Thermo-iono-electronic materials: Functional oxides in gas separation and energy harvesting

2019-04-16 学术讲座 浏览量：2495

Thermo-iono-electronic materials: Functional oxides in   gas separation and energy harvesting

Time: March 21th(Thursday), 16:30-18:30

Venue: Room 202, Taizhou Building

Host: Prof.Wangfei

Speaker: Feldhoff.Armin

Bio:

Armin received his diploma in physics from the University of Münster (Germany) and received his PhD degree from the Martin-Luther University Halle-Wittenberg (Germany). He has worked at the Max Planck Institute of Microstructure Physics in Halle (Germany), Cornell University in Ithaca (NY, USA) and at the Centre d’Études de Chimie Métallurgique of the CNRS in Vitry sur Seine (France). He is now the head of the Nanostructure Laboratory at the Institute of Physical Chemistry and Electrochemistry of the Leibniz Universität Hannover (Germany) and holds the venia legendi for Physical Chemistry. 

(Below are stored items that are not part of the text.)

lemma adj_eigenvectors_independent:
  assumes V: "finite V" and T: "finite T" and mu0: "mu0 \<in> T"
    and nonzero: "\<exists>v\<in>V. x mu0 v \<noteq> 0"
    and eig: "\<forall>mu\<in>T. \<forall>u\<in>V. (\<Sum>w\<in>V. adj E u w * x mu w) = mu * x mu u"
    and comb: "\<forall>v\<in>V. (\<Sum>mu\<in>T. c mu * x mu v) = 0"
  shows "c mu0 = 0"
proof -
  have orth: "(\<Sum>v\<in>V. x mu0 v * x mu v) = 0" if "mu \<in> T - {mu0}" for mu
    using adj_eigenvectors_orthogonal[OF V] eig mu0 that by blast
  have "0 = (\<Sum>v\<in>V. x mu0 v * (\<Sum>mu\<in>T. c mu * x mu v))" using comb by simp
  also have "\<dots> = (\<Sum>mu\<in>T. c mu * (\<Sum>v\<in>V. x mu0 v * x mu v))"
    by (simp add: sum_distrib_left sum.swap[of _ V] mult.commute mult.left_commute)
  also have "\<dots> = c mu0 * (\<Sum>v\<in>V. x mu0 v * x mu0 v)"
    using mu0 T orth by (simp add: sum.remove)
  finally have "c mu0 * (\<Sum>v\<in>V. x mu0 v * x mu0 v) = 0" ..
  moreover have "(\<Sum>v\<in>V. x mu0 v * x mu0 v) > 0"
    using nonzero V by (auto intro!: sum_pos2 simp: zero_less_mult_iff linorder_neq_iff)
  ultimately show ?thesis by simp
qed

lemma finite_adj_eigenvalues:
  assumes V: "finite V"
  shows "finite {mu. adj_eigenvalue V E mu}"
proof (rule ccontr)
  assume "infinite {mu. adj_eigenvalue V E mu}"
  then obtain T where T: "T \<subseteq> {mu. adj_eigenvalue V E mu}" "finite T" "card T = card V + 1"
    using infinite_arbitrarily_large by blast
  then have ex: "\<forall>mu\<in>T. \<exists>x. (\<exists>v\<in>V. x v \<noteq> 0) \<and> (\<forall>u\<in>V. (\<Sum>w\<in>V. adj E u w * x w) = mu * x u)"
    unfolding adj_eigenvalue_def by blast
  then obtain x where x: "\<forall>mu\<in>T. (\<exists>v\<in>V. x mu v \<noteq> 0)
      \<and> (\<forall>u\<in>V. (\<Sum>w\<in>V. adj E u w * x mu w) = mu * x mu u)"
    using bchoice[OF ex] by blast
  have "card V < card T" using T by simp
  from exists_nonzero_solution_underdetermined[OF V T(2) this, of "\<lambda>v mu. x mu v"]
  obtain c where c: "\<exists>mu\<in>T. c mu \<noteq> 0" "\<forall>v\<in>V. (\<Sum>mu\<in>T. c mu * x mu v) = 0"
    by (auto simp: mult.commute)
  then obtain mu0 where mu0: "mu0 \<in> T" "c mu0 \<noteq> 0" by blast
  have "c mu0 = 0"
    by (rule adj_eigenvectors_independent[OF V T(2) mu0(1)]) (use x c(2) mu0(1) in auto)
  with mu0 show False by simp
qed

lemma bipartite_same_side_not_edge:
  assumes "bipartite_graph X Y E"
  shows "u \<in> X \<Longrightarrow> w \<in> X \<Longrightarrow> {u, w} \<notin> E" and "u \<in> Y \<Longrightarrow> w \<in> Y \<Longrightarrow> {u, w} \<notin> E"
  using assms unfolding bipartite_graph_def by (metis disjoint_iff doubleton_eq_iff)+
(* Under the standing assumptions below, let $E\subset X$ be measurable, $u:E\to[-\infty,\infty]$, $g:E\to[0,\infty]$ measurable, and $\hat g(x)=g(x)(1+d(x,a))^2$ for $x\in E$. Then $g$ is a $p$-weak upper gradient of $u$ in $E$ with respect to $(d,\mu)$ if and only if $\hat g$ is a $p$-weak upper gradient of $u$ in $E$ with respect to $(\hat d,\hat\mu_q)$.
   Context: Standing assumptions: $1\le p<\infty$; $(X,d)$ is a complete unbounded metric space with a positive complete Borel measure $\mu$ with $0<\mu(B)<\infty$ for every ball; $\mu$ is doubling and supports a $p$-Poincaré inequality; for a base point $a$ with $|x|=d(x,a)$ there are $s,C_s>0$ with $\mu(B(a,r))/\mu(B(a,R))\ge C_s(r/R)^s$ for $1\le r\le R<\infty$; $X$ is annularly connected for large radii around $a$; and $q>s$. Sphericalization: $\widehat X=X\cup\{\infty\}$, $d_a(x,y)=\frac{d(x,y)}{(1+|x|)(1+|y|)}$ for $x,y\in X$, $d_a(x,\infty)=d_a(\infty,x)=\frac1{1+|x|}$, $d_a(\infty,\infty)=0$, $\hat d(x,y)=\inf\sum_{j=1}^kd_a(x_{j-1},x_j)$ over finite chains in $\widehat X$; $d\hat\mu_q=d\mu/(1+|x|)^q$ on $X$, $\hat\mu_q(\{\infty\})=0$. A measurable $g\ge0$ is a $p$-weak upper gradient of $u$ in $E$ (w.r.t. a metric and measure) if $|u(\gamma(0))-u(\gamma(1))|\le\int_\gamma g\,ds$ for all nonconstant rectifiable curves $\gamma:[0,1]\to E$ outside a family of zero $p$-modulus; a curve family has zero $p$-modulus if some nonnegative Borel $\rho\in L^p$ has $\int_\gamma\rho\,ds=\infty$ on each of its curves. *)

theory Defs
  imports "HOL-Analysis.Analysis"
begin

definition metric_on :: "('a \<Rightarrow> 'a \<Rightarrow> real) \<Rightarrow> bool" where
  "metric_on d \<longleftrightarrow>
     (\<forall>x y. 0 \<le> d x y) \<and> (\<forall>x y. d x y = 0 \<longleftrightarrow> x = y) \<and>
     (\<forall>x y. d x y = d y x) \<and> (\<forall>x y z. d x z \<le> d x y + d y z)"

definition metric_complete :: "('a \<Rightarrow> 'a \<Rightarrow> real) \<Rightarrow> bool" where
  "metric_complete d \<longleftrightarrow>
     (\<forall>f :: nat \<Rightarrow> 'a.
        (\<forall>e>0. \<exists>N. \<forall>m\<ge>N. \<forall>n\<ge>N. d (f m) (f n) < e) \<longrightarrow>
        (\<exists>x. (\<lambda>n. d (f n) x) \<longlonglongrightarrow> 0))"

definition dball :: "('a \<Rightarrow> 'a \<Rightarrow> real) \<Rightarrow> 'a \<Rightarrow> real \<Rightarrow> 'a set" where
  "dball d x r = {y. d x y < r}"

definition d_open :: "('a \<Rightarrow> 'a \<Rightarrow> real) \<Rightarrow> 'a set \<Rightarrow> bool" where
  "d_open d U \<longleftrightarrow> (\<forall>x\<in>U. \<exists>r>0. dball d x r \<subseteq> U)"

definition d_borel :: "('a \<Rightarrow> 'a \<Rightarrow> real) \<Rightarrow> 'a measure" where
  "d_borel d = sigma UNIV {U. d_open d U}"

definition epowr :: "ennreal \<Rightarrow> real \<Rightarrow> ennreal" where
  "epowr x p = (if x = \<infinity> then \<infinity> else ennreal (enn2real x powr p))"

definition d_curve :: "('a \<Rightarrow> 'a \<Rightarrow> real) \<Rightarrow> (real \<Rightarrow> 'a) \<Rightarrow> bool" where
  "d_curve d \<gamma> \<longleftrightarrow>
     (\<forall>t\<in>{0..1}. \<forall>e>0. \<exists>\<delta>>0. \<forall>s\<in>{0..1}. \<bar>s - t\<bar> < \<delta> \<longrightarrow> d (\<gamma> s) (\<gamma> t) < e)"

definition curve_length :: "('a \<Rightarrow> 'a \<Rightarrow> real) \<Rightarrow> (real \<Rightarrow> 'a) \<Rightarrow> real \<Rightarrow> real \<Rightarrow> ennreal" where
  "curve_length d \<gamma> a b =
     (SUP nt \<in> {(n, t :: nat \<Rightarrow> real). t 0 = a \<and> t n = b \<and> (\<forall>i<n. t i \<le> t (Suc i))}.
        (\<Sum>i<fst nt. ennreal (d (\<gamma> (snd nt i)) (\<gamma> (snd nt (Suc i))))))"

definition d_rectifiable :: "('a \<Rightarrow> 'a \<Rightarrow> real) \<Rightarrow> (real \<Rightarrow> 'a) \<Rightarrow> bool" where
  "d_rectifiable d \<gamma> \<longleftrightarrow> d_curve d \<gamma> \<and> curve_length d \<gamma> 0 1 < \<infinity>"

definition nonconstant_curve :: "(real \<Rightarrow> 'a) \<Rightarrow> bool" where
  "nonconstant_curve \<gamma> \<longleftrightarrow> (\<exists>s\<in>{0..1}. \<exists>t\<in>{0..1}. \<gamma> s \<noteq> \<gamma> t)"

definition arclen :: "('a \<Rightarrow> 'a \<Rightarrow> real) \<Rightarrow> (real \<Rightarrow> 'a) \<Rightarrow> real \<Rightarrow> real" where
  "arclen d \<gamma> t = enn2real (curve_length d \<gamma> 0 (max 0 (min 1 t)))"

text \<open>Line integral of a nonnegative g along a rectifiable curve gamma with respect to
  arc length, i.e. the Lebesgue--Stieltjes integral of g o gamma with respect to ds_gamma.\<close>
definition line_int :: "('a \<Rightarrow> 'a \<Rightarrow> real) \<Rightarrow> ('a \<Rightarrow> ennreal) \<Rightarrow> (real \<Rightarrow> 'a) \<Rightarrow> ennreal" where
  "line_int d g \<gamma> = (\<integral>\<^sup>+ t. g (\<gamma> t) * indicator {0..1} t \<partial>interval_measure (arclen d \<gamma>))"

definition zero_p_modulus ::
    "('a \<Rightarrow> 'a \<Rightarrow> real) \<Rightarrow> 'a measure \<Rightarrow> real \<Rightarrow> (real \<Rightarrow> 'a) set \<Rightarrow> bool" where
  "zero_p_modulus d M p \<Gamma> \<longleftrightarrow>
     (\<exists>\<rho> :: 'a \<Rightarrow> ennreal. \<rho> \<in> borel_measurable (d_borel d) \<and>
        (\<integral>\<^sup>+ x. epowr (\<rho> x) p \<partial>M) < \<infinity> \<and> (\<forall>\<gamma>\<in>\<Gamma>. line_int d \<rho> \<gamma> = \<infinity>))"

definition ug_ineq :: "ereal \<Rightarrow> ereal \<Rightarrow> ennreal \<Rightarrow> bool" where
  "ug_ineq ux uy I \<longleftrightarrow>
     (if \<bar>ux\<bar> = \<infinity> \<or> \<bar>uy\<bar> = \<infinity> then I = \<infinity>
      else ennreal \<bar>real_of_ereal ux - real_of_ereal uy\<bar> \<le> I)"

definition p_weak_upper_gradient ::
    "('a \<Rightarrow> 'a \<Rightarrow> real) \<Rightarrow> 'a measure \<Rightarrow> real \<Rightarrow> ('a \<Rightarrow> ereal) \<Rightarrow> ('a \<Rightarrow> ennreal) \<Rightarrow> 'a set \<Rightarrow> bool"
  where
  "p_weak_upper_gradient d M p u g E \<longleftrightarrow>
     g \<in> borel_measurable (restrict_space M E) \<and>
     (\<exists>\<Gamma>. zero_p_modulus d M p \<Gamma> \<and>
        (\<forall>\<gamma>. d_rectifiable d \<gamma> \<and> nonconstant_curve \<gamma> \<and> \<gamma> ` {0..1} \<subseteq> E \<and> \<gamma> \<notin> \<Gamma> \<longrightarrow>
               ug_ineq (u (\<gamma> 0)) (u (\<gamma> 1)) (line_int d g \<gamma>)))"

definition upper_gradient ::
    "('a \<Rightarrow> 'a \<Rightarrow> real) \<Rightarrow> ('a \<Rightarrow> real) \<Rightarrow> ('a \<Rightarrow> ennreal) \<Rightarrow> bool" where
  "upper_gradient d u g \<longleftrightarrow>
     g \<in> borel_measurable (d_borel d) \<and>
     (\<forall>\<gamma>. d_rectifiable d \<gamma> \<and> nonconstant_curve \<gamma> \<longrightarrow>
            ennreal \<bar>u (\<gamma> 0) - u (\<gamma> 1)\<bar> \<le> line_int d g \<gamma>)"

definition unbounded_metric :: "('a \<Rightarrow> 'a \<Rightarrow> real) \<Rightarrow> bool" where
  "unbounded_metric d \<longleftrightarrow> (\<forall>x R. \<exists>y. d x y > R)"

definition good_borel_measure :: "('a \<Rightarrow> 'a \<Rightarrow> real) \<Rightarrow> 'a measure \<Rightarrow> bool" where
  "good_borel_measure d \<mu> \<longleftrightarrow>
     space \<mu> = UNIV \<and> sets (d_borel d) \<subseteq> sets \<mu> \<and> complete_measure \<mu> \<and>
     (\<forall>x r. r > 0 \<longrightarrow> 0 < emeasure \<mu> (dball d x r) \<and> emeasure \<mu> (dball d x r) < \<infinity>)"

definition doubling :: "('a \<Rightarrow> 'a \<Rightarrow> real) \<Rightarrow> 'a measure \<Rightarrow> bool" where
  "doubling d \<mu> \<longleftrightarrow>
     (\<exists>C. \<forall>x r. r > 0 \<longrightarrow> emeasure \<mu> (dball d x (2 * r)) \<le> ennreal C * emeasure \<mu> (dball d x r))"

definition poincare :: "('a \<Rightarrow> 'a \<Rightarrow> real) \<Rightarrow> 'a measure \<Rightarrow> real \<Rightarrow> bool" where
  "poincare d \<mu> p \<longleftrightarrow>
     (\<exists>C>0. \<exists>lam\<ge>1. \<forall>(u :: 'a \<Rightarrow> real) (g :: 'a \<Rightarrow> ennreal).
        (\<forall>x r. r > 0 \<longrightarrow> set_integrable \<mu> (dball d x r) u) \<and> upper_gradient d u g \<longrightarrow>
        (\<forall>x r. r > 0 \<longrightarrow>
           (let B = dball d x r;
                uB = (\<integral>y\<in>B. u y \<partial>\<mu>) / measure \<mu> B
            in ennreal ((\<integral>y\<in>B. \<bar>u y - uB\<bar> \<partial>\<mu>) / measure \<mu> B)
               \<le> ennreal (C * r) *
                 epowr ((\<integral>\<^sup>+ y\<in>dball d x (lam * r). epowr (g y) p \<partial>\<mu>)
                         / emeasure \<mu> (dball d x (lam * r))) (1 / p))))"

Aim’s research interests are in thermo-iono-electric (TIE) materials for energy conversion. He has published more than 150 papers in peer-reviewed journals. Actually, his h-index is 42 with more than 6,000 citations. He is serving in the editorial team of Electron Microscopy. He is acting as associate editor of both Energy Harvesting & Systems and the Journal of Electronic Materials. 

Abstract: 

It  is proposed to look at energy conversion from the point of view of thermo-ionic-electronic (TIE) materials or systems. In addition to ionic and/or electric charge carriers, entropy is considered as further basic quantity being transported through the material or system if the TIE is simultaneously placed in gradients of temperature and electrochemical potential (ionic and/or electronic). In the basic transport equation, the TIE appears as tensor, which is a major advantage over the concept of the so-called thermodynamics of irreversible processes. The role of energy and its conversion is easily understood. Analogies between the Soret coefficient (thermo-ionic), the Seebeck coefficient (thermo-electric) and the ionic transfer number (ionic-electronic) become evident. Also the thermoelectric (TE) coupling is considered to some detail with a focus on energy harvesting. Lecture will provide a theoretical framework and exemplary experimental results.